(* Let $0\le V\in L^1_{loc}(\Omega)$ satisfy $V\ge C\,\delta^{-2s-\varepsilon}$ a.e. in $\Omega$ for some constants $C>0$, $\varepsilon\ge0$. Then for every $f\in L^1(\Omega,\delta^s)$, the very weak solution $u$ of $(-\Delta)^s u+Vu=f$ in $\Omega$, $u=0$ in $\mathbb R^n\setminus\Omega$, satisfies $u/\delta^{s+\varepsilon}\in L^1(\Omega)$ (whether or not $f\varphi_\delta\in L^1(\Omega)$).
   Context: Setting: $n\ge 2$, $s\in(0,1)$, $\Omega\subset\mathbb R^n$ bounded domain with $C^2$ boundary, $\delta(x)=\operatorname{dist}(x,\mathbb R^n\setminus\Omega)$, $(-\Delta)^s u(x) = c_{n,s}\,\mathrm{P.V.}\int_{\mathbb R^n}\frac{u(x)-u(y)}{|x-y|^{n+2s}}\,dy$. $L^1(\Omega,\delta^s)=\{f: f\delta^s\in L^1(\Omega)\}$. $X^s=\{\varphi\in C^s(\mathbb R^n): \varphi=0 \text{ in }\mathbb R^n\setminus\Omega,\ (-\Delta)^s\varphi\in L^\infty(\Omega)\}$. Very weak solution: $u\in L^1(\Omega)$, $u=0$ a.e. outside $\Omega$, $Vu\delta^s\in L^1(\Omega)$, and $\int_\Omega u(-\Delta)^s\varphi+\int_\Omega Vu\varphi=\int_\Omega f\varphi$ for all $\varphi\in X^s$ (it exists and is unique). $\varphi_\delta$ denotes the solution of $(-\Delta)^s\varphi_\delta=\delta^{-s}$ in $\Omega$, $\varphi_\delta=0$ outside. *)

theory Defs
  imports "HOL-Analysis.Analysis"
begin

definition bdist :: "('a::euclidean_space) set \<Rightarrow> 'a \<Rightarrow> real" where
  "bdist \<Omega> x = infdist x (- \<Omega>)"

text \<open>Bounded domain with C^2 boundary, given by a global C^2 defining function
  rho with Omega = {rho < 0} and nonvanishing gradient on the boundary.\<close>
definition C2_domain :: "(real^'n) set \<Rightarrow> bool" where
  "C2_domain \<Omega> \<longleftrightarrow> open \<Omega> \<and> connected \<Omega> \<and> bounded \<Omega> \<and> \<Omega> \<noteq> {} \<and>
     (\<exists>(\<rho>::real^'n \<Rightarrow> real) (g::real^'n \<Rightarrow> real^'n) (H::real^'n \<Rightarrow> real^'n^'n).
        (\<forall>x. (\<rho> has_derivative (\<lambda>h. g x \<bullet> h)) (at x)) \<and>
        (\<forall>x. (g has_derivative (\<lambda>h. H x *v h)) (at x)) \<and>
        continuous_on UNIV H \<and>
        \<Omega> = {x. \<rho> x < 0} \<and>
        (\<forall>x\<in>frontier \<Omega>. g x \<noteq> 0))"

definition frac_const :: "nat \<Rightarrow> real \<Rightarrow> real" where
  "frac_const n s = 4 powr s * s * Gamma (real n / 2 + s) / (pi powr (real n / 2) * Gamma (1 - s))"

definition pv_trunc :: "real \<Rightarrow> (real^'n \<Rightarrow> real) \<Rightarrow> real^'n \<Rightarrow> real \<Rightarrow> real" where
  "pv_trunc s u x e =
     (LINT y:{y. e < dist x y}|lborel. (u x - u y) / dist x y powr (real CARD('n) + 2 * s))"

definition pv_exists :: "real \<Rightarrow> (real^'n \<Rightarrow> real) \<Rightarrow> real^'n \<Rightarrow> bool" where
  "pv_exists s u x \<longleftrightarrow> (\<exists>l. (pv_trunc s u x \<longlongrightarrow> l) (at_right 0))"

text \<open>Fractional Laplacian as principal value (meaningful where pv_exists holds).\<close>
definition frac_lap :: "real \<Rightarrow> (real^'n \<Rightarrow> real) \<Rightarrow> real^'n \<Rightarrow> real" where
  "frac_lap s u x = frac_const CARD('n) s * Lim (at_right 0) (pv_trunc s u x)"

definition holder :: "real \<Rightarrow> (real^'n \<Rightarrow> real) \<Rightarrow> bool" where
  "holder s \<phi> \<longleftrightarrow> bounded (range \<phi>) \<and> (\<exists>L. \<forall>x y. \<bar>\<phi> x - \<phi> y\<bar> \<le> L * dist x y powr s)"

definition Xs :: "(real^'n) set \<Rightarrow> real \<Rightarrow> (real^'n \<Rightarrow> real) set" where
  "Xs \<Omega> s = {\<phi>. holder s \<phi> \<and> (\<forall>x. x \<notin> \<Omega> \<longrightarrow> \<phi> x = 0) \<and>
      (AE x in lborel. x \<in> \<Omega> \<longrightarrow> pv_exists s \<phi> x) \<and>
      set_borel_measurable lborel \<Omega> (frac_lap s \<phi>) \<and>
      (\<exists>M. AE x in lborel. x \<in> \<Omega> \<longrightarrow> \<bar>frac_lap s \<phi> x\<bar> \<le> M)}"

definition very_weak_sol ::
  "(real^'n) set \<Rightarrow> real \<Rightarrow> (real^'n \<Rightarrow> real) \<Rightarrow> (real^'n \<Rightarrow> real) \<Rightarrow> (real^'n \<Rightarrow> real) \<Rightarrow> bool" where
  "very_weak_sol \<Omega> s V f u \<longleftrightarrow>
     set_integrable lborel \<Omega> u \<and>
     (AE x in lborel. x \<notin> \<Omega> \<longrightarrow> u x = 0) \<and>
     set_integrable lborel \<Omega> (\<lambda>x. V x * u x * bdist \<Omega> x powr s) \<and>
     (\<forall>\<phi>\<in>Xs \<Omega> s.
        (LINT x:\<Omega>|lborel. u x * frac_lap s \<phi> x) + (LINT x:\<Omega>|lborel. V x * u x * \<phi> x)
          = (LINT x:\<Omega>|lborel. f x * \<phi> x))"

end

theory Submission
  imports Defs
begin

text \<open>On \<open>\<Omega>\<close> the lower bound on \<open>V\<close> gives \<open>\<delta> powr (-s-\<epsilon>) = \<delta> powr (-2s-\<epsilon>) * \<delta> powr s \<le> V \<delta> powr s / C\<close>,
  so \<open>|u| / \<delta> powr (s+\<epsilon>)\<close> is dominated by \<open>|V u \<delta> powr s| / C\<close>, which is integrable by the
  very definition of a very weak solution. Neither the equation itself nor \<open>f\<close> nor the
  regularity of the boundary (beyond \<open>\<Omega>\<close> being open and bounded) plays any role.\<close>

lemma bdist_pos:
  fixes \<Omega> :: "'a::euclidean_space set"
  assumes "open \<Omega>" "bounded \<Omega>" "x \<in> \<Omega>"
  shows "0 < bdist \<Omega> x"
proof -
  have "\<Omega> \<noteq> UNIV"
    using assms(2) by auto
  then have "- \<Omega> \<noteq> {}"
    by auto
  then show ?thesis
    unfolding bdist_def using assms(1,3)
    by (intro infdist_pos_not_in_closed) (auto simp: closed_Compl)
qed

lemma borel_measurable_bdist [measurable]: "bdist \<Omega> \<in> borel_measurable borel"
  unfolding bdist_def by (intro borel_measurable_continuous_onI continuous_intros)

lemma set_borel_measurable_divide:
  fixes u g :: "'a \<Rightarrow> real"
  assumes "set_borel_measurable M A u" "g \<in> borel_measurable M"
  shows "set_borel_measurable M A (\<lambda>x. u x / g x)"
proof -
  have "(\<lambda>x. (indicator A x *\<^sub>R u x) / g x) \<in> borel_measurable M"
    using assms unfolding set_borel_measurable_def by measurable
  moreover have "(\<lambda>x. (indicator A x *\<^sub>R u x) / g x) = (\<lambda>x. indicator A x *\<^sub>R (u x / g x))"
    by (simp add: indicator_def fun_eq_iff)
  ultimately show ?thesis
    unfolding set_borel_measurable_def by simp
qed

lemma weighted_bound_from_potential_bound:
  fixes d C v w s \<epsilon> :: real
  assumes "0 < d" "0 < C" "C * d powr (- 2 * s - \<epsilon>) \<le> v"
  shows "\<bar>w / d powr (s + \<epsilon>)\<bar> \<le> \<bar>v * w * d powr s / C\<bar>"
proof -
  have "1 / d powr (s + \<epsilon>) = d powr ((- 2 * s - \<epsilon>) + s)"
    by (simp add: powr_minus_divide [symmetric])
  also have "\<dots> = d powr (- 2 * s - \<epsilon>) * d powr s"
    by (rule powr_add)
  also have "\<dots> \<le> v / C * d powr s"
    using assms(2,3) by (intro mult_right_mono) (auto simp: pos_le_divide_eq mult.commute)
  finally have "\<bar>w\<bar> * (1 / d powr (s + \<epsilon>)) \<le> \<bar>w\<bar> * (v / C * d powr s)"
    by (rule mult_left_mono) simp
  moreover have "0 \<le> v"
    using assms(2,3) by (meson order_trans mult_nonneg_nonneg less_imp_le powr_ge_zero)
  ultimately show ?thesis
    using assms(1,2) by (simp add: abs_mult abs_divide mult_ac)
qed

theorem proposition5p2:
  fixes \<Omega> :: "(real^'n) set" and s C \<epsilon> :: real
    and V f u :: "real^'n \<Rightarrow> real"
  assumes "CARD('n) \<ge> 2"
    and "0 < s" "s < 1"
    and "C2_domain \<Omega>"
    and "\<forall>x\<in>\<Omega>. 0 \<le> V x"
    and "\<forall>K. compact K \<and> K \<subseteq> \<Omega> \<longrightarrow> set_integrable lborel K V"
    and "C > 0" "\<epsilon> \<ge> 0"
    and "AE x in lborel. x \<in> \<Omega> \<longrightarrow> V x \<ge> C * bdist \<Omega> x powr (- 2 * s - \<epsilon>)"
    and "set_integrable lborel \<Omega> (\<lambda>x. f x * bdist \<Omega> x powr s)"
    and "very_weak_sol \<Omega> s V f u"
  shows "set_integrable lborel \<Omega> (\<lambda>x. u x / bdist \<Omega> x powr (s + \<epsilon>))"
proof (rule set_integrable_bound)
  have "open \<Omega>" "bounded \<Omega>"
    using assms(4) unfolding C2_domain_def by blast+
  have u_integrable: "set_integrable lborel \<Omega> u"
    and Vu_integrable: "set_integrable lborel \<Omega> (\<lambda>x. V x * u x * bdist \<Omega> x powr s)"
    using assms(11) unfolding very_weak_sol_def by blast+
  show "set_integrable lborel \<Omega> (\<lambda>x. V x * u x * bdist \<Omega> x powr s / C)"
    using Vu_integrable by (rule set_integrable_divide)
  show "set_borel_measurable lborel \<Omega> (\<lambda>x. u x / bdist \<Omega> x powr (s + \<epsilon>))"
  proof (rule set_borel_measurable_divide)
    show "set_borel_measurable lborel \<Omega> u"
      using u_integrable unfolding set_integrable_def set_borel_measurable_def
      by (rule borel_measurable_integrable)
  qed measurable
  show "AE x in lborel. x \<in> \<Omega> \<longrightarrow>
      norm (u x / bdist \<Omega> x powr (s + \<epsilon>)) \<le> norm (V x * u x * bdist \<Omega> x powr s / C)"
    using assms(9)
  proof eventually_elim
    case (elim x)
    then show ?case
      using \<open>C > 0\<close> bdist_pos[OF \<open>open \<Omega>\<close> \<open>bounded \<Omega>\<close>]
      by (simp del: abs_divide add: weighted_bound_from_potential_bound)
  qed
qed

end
_ _ _ _
_Task brief_
Would you output, from the records above, exactly the run of lines that starts at the line containing "using u_integrable unfolding" and ends at the line containing "then show ?case", and only that run?

_Task result_
      using u_integrable unfolding set_integrable_def set_borel_measurable_def
      by (rule borel_measurable_integrable)
  qed measurable
  show "AE x in lborel. x \<in> \<Omega> \<longrightarrow>
      norm (u x / bdist \<Omega> x powr (s + \<epsilon>)) \<le> norm (V x * u x * bdist \<Omega> x powr s / C)"
    using assms(9)
  proof eventually_elim
    case (elim x)
    then show ?case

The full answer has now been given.